* WORK REQUIRED
Take the data below and extract the lines from the one with "GLZ g. \<forall>i<g." to the one with "g g (\<lambda>(i,j).", inclusive, exactly as written.

* STORED DATA
-=-=-
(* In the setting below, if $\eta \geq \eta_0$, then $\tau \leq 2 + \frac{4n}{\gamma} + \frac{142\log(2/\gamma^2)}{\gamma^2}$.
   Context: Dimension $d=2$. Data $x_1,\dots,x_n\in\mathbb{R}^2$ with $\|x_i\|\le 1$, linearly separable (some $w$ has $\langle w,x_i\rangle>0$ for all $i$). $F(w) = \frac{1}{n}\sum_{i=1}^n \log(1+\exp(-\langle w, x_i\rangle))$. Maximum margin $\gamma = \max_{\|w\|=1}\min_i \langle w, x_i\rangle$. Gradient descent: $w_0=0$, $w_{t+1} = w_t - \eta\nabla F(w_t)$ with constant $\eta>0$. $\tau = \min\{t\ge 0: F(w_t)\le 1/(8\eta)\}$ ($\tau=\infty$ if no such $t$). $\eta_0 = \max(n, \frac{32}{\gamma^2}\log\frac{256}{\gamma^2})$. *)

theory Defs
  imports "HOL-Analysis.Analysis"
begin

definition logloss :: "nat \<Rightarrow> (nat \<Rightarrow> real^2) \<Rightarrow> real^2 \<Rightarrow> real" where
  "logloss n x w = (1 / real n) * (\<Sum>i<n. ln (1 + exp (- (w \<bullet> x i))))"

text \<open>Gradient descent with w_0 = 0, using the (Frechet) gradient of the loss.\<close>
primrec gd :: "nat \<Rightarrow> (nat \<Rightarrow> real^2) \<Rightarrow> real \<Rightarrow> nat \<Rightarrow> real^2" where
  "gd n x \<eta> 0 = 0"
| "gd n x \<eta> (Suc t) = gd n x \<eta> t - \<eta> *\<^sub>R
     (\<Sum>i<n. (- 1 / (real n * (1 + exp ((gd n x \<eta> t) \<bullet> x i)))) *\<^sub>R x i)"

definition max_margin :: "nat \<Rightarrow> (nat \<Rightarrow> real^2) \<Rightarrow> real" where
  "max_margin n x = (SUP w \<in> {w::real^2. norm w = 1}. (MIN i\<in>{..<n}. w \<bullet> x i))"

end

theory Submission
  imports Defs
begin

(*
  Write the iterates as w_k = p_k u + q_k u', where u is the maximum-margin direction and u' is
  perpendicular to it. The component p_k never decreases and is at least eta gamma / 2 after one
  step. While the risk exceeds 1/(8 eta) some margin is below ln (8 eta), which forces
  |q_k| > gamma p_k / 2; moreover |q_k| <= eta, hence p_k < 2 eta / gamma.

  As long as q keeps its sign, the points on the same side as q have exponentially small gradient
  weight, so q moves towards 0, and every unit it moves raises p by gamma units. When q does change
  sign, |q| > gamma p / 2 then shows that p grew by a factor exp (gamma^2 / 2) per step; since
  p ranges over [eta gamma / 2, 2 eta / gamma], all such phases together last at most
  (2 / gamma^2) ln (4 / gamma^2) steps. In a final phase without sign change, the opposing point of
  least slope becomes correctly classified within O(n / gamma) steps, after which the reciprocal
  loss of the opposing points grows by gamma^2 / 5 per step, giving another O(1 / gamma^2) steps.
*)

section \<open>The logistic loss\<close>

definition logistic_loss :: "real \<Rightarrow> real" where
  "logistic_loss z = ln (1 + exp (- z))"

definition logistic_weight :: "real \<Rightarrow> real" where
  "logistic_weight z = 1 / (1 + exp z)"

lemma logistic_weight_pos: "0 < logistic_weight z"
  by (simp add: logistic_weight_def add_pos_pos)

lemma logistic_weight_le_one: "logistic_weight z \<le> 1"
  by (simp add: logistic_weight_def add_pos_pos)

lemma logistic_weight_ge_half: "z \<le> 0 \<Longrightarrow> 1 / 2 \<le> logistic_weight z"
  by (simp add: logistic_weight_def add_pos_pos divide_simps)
-=-=-
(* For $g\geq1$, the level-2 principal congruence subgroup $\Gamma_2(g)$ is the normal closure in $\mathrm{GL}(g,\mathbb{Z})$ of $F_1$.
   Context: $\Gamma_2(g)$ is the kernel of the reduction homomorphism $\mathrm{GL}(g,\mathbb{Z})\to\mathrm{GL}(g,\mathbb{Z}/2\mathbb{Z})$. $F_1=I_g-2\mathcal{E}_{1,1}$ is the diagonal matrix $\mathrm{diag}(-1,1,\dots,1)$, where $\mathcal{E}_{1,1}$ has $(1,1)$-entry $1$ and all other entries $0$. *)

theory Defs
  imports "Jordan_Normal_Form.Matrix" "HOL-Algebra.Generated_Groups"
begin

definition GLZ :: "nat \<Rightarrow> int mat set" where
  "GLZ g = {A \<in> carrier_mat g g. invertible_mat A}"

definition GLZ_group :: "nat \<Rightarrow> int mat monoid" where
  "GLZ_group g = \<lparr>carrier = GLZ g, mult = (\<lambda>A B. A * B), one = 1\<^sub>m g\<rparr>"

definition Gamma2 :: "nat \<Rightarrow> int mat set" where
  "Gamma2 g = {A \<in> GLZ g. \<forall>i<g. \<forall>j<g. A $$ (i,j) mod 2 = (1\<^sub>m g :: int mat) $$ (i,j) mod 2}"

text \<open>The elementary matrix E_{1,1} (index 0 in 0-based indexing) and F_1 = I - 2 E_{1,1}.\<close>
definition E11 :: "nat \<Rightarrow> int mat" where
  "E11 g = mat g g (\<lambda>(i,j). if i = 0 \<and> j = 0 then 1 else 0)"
-=-=-
* REPLY
  "Gamma2 g = {A \<in> GLZ g. \<forall>i<g. \<forall>j<g. A $$ (i,j) mod 2 = (1\<^sub>m g :: int mat) $$ (i,j) mod 2}"

text \<open>The elementary matrix E_{1,1} (index 0 in 0-based indexing) and F_1 = I - 2 E_{1,1}.\<close>
definition E11 :: "nat \<Rightarrow> int mat" where
  "E11 g = mat g g (\<lambda>(i,j). if i = 0 \<and> j = 0 then 1 else 0)"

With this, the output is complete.